When the friendship failed catastrophically, I felt as if I had failed. As if I was defected and inadequate. I blamed myself - which only augmented him into something more perfect. The spark within me that let me love everyone and everything had faded. I would even get annoyed with my pets and friends, yearning to be alone in my misery. My talents became mediocre. My life seemed worthless. The passion had faded.

Passion may fade, but passion may never die. We become afraid of failure and we prevent ourselves from getting hurt. Our safety mechanism is to hold back; to stop caring; and to self-indulge in our own pity.

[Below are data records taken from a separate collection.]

lemma state_word_shift_1: "normal p \<Longrightarrow> fst p \<ge> 0 \<Longrightarrow> (state_word (shift 1 p), state_word p @ [R2]) \<in> M_cong"
proof -
  assume v: "normal p" and n: "fst p \<ge> 0"
  obtain n rs where p: "p = (n, rs)" by (cases p)
  show ?thesis
  proof (cases rs)
    case Nil
    have "nat (n + 1) = Suc (nat n)" using n p by simp
    then show ?thesis using p Nil by (simp add: state_word_def pres_cong.refl replicate_append_same)
  next
    case (Cons r rr)
    have r: "r < m" using v p Cons by (simp add: normal_def)
    show ?thesis
    proof (cases "Suc r < m")
      case True
      then have "shift 1 p = (n, Suc r # rr)" using p Cons by (simp add: shift_Cons)
      then show ?thesis using p Cons by (simp add: state_word_def block_def pres_cong.refl replicate_append_same)
    next
      case False
      then have rm: "Suc r = m" using r by simp
      then have "int r + 1 = int m" by simp
      then have "shift 1 p = (n + int m, 0 # rr)" using p Cons m_pos by (simp add: shift_Cons)
      then have l: "state_word (shift 1 p) = replicate (nat n) R2 @ Delta_word @ concat (map block (rev rr)) @ [R1]"
        using n p by (simp add: state_word_def block_def nat_add_distrib replicate_add)
      have rr: "state_word p @ [R2] = replicate (nat n) R2 @ (concat (map block (rev rr)) @ [R1]) @ Delta_word"
        using p Cons rm[symmetric] by (simp add: state_word_def block_def replicate_append_same)
      show ?thesis unfolding l rr
        using pres_cong.ctx[OF Delta_commute[of "concat (map block (rev rr)) @ [R1]"], of "replicate (nat n) R2" "[]"]
        by (simp add: pres_cong.sym)
    qed
  qed
qed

Today's inspiration: rekindling passion.

Last night, I stared at my computer screen, trying to complete preliminary tasks for this job that I had applied for. The tasks were mindless, and I barely understood what I had to do (maybe I was just complicating something simple). I ended up not completing it after coming up with a list of reasons for why this job was not suitable to my needs and capabilities.

It made me think about campus, about school, about work. For some reason, I don't remember ever giving 100% of myself to learning. I remember not doing homework since I was in grade 3. I always left studying for examinations for the last moment. It was not because I was lazy or uninterested... but because I was scared.

The thing is, when we don't put in everything that we are into something and we fail, we can always say that it was because we had not tried our best. When we do push ourselves to our greatest potential and we fail, our entirety fails. There's nothing to blame but ourselves.

There is no point to life if we don't live life to the fullest. There is no point in doing things halfway and letting them slide as if we never cared. I believe  that if we want something, we should do everything that we can to get it, regardless of how many times we fail. I apply this philosophy to relationships (family, friends) as well. If you care about someone and things go wrong, you should to everything that you can to fix it (however, within limits). 
Life is short. We need to learn how to let go of all the pain and fear that hinders us from living passionately. When you learn how to let go, you will learn how to live. Nothing will be able to put out the passion within you.

Life is beautiful. Don't let it slip away. Deactivate your protective shields and allow yourself to feel, to savour every aspect of life, be it pain or love or happiness.